Answer:
The correct answer is 1332 KJ.
Explanation:
Based on the given information,
ΔH°f of C2H4 is 51.9 KJ/mol, ΔH°O2 is 0.0 KJ/mol, ΔH°f of CO2 is -394 KJ/mol, and ΔH°f of H2O is -286 KJ/mol.
Now the balanced equation is:
C2H4 (g) + 3O2 (g) ⇔ 2CO2 (g) + 2H2O (l)
ΔH°rxn = 2 × ΔH°f CO2 + 2 × ΔH°fH2O - 1 × ΔH°fC2H4 - 3×ΔH°fO2
ΔH°rxn = 2 (-394) + 2(-286) - 1(51.9) - 3(0)
ΔH°rxn = -1411.9 KJ
Now, the given ΔS°f of C2H4 is 219.8 J/mol.K, ΔS°f of O2 is 205 J/mol.K, ΔS°f of CO2 is 213.6 J/mol.K, and ΔS°f of H2O is 69.96 J/mol.K.

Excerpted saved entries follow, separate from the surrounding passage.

lemma has_vector_derivative_imp_dini_le_norm_nonzero:
  fixes w :: "real \<Rightarrow> 'a::real_inner"
  assumes "(w has_vector_derivative w') (at t within {0..})" "t \<ge> 0" "w t \<noteq> 0"
  shows "dini_le (\<lambda>s. norm (w s)) t (inner (w t) w' / norm (w t))"
proof (rule has_real_derivative_imp_dini_le[OF _ \<open>t \<ge> 0\<close>])
  have "((\<lambda>s. norm (w s)) has_derivative (\<lambda>h. inner (h *\<^sub>R w') (sgn (w t)))) (at t within {0..})"
    using has_derivative_in_compose[OF assms(1)[unfolded has_vector_derivative_def]
        has_derivative_at_withinI[OF has_derivative_norm[OF assms(3)]]] by simp
  then show "((\<lambda>s. norm (w s)) has_real_derivative (inner (w t) w' / norm (w t))) (at t within {0..})"
    unfolding has_field_derivative_def
    by (rule has_derivative_eq_rhs) (auto simp: sgn_div_norm inner_commute field_simps)
qed

lemma continuous_within_imp_tendsto_right_increment:
  fixes f :: "real \<Rightarrow> 'a::topological_space"
  assumes "continuous (at t within {0..}) f" "t \<ge> 0"
  shows "((\<lambda>h. f (t + h)) \<longlongrightarrow> f t) (at_right 0)"
proof -
  have "at_right t \<le> at t within {0..}"
    using \<open>t \<ge> 0\<close> by (intro at_le) auto
  with assms(1) have "(f \<longlongrightarrow> f t) (at_right t)"
    unfolding continuous_within by (rule tendsto_mono[rotated])
  then show ?thesis
    unfolding filterlim_at_right_to_0[of f _ t] by (simp add: add.commute)
qed

lemma dini_le_Max:
  fixes g :: "'p \<Rightarrow> real \<Rightarrow> real"
  assumes "finite P" "P \<noteq> {}" "t \<ge> 0"
    and cont: "\<And>p. p \<in> P \<Longrightarrow> continuous (at t within {0..}) (g p)"
    and active: "\<And>p. p \<in> P \<Longrightarrow> g p t = Max ((\<lambda>p. g p t) ` P) \<Longrightarrow> dini_le (g p) t D"
  shows "dini_le (\<lambda>s. Max ((\<lambda>p. g p s) ` P)) t D"
proof (rule dini_leI)
  fix e :: real assume "e > 0"
  define G where "G = Max ((\<lambda>p. g p t) ` P)"
  have "\<forall>\<^sub>F h in at_right 0. g p (t + h) \<le> G + (D + e) * h" if "p \<in> P" for p
  proof (cases "g p t = G")
    case True
    with dini_leD[OF active[OF \<open>p \<in> P\<close>] \<open>e > 0\<close>] show ?thesis
      by (simp add: G_def)
  next
    case False
    with \<open>p \<in> P\<close> \<open>finite P\<close> have "g p t < G"
      unfolding G_def by (simp add: order.not_eq_order_implies_strict)
    define \<eta> where "\<eta> = (G - g p t) / 2"
    have "\<eta> > 0" "G = g p t + 2 * \<eta>"
      using \<open>g p t < G\<close> by (simp_all add: \<eta>_def field_simps)
    have "((\<lambda>h. (D + e) * h) \<longlongrightarrow> 0) (at_right 0)"
      by (intro tendsto_eq_intros) auto
    then have "\<forall>\<^sub>F h in at_right 0. - \<eta> < (D + e) * h"
      using \<open>\<eta> > 0\<close> by (intro order_tendstoD(1)) auto
    moreover have "\<forall>\<^sub>F h in at_right 0. g p (t + h) < g p t + \<eta>"
      using continuous_within_imp_tendsto_right_increment[OF cont[OF \<open>p \<in> P\<close>] \<open>t \<ge> 0\<close>] \<open>\<eta> > 0\<close>
      by (intro order_tendstoD(2)) auto
    ultimately show ?thesis
      by eventually_elim (use \<open>G = g p t + 2 * \<eta>\<close> in linarith)
  qed
  then have "\<forall>\<^sub>F h in at_right 0. \<forall>p\<in>P. g p (t + h) \<le> G + (D + e) * h"
    using \<open>finite P\<close> by (simp add: eventually_ball_finite)
  then show "\<forall>\<^sub>F h in at_right 0. Max ((\<lambda>p. g p (t + h)) ` P) \<le> Max ((\<lambda>p. g p t) ` P) + (D + e) * h"
    by eventually_elim (use assms(1,2) in \<open>simp add: G_def\<close>)
qed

Now based on the balanced chemical reaction,
ΔS°rxn = 2 × ΔS°fCO2 + 2 ΔS°fH2O - 1 × ΔS°f C2H4 - 3 ΔS°fO2
ΔS°rxn = 2 (213.6) + 2(69.96) - 1(219.8) -3(205)
ΔS°rxn = -267.68 J/K or -0.26768 KJ/K
T = 25 °C or 298 K
Now putting the values of ΔH, ΔS and T in the equation ΔG = ΔH-TΔS, we get
ΔG = -1411.9 - 298.0 × (-0.2677)
ΔG = -1332 KJ.
Thus, the maximum work, which can obtained is 1332 kJ.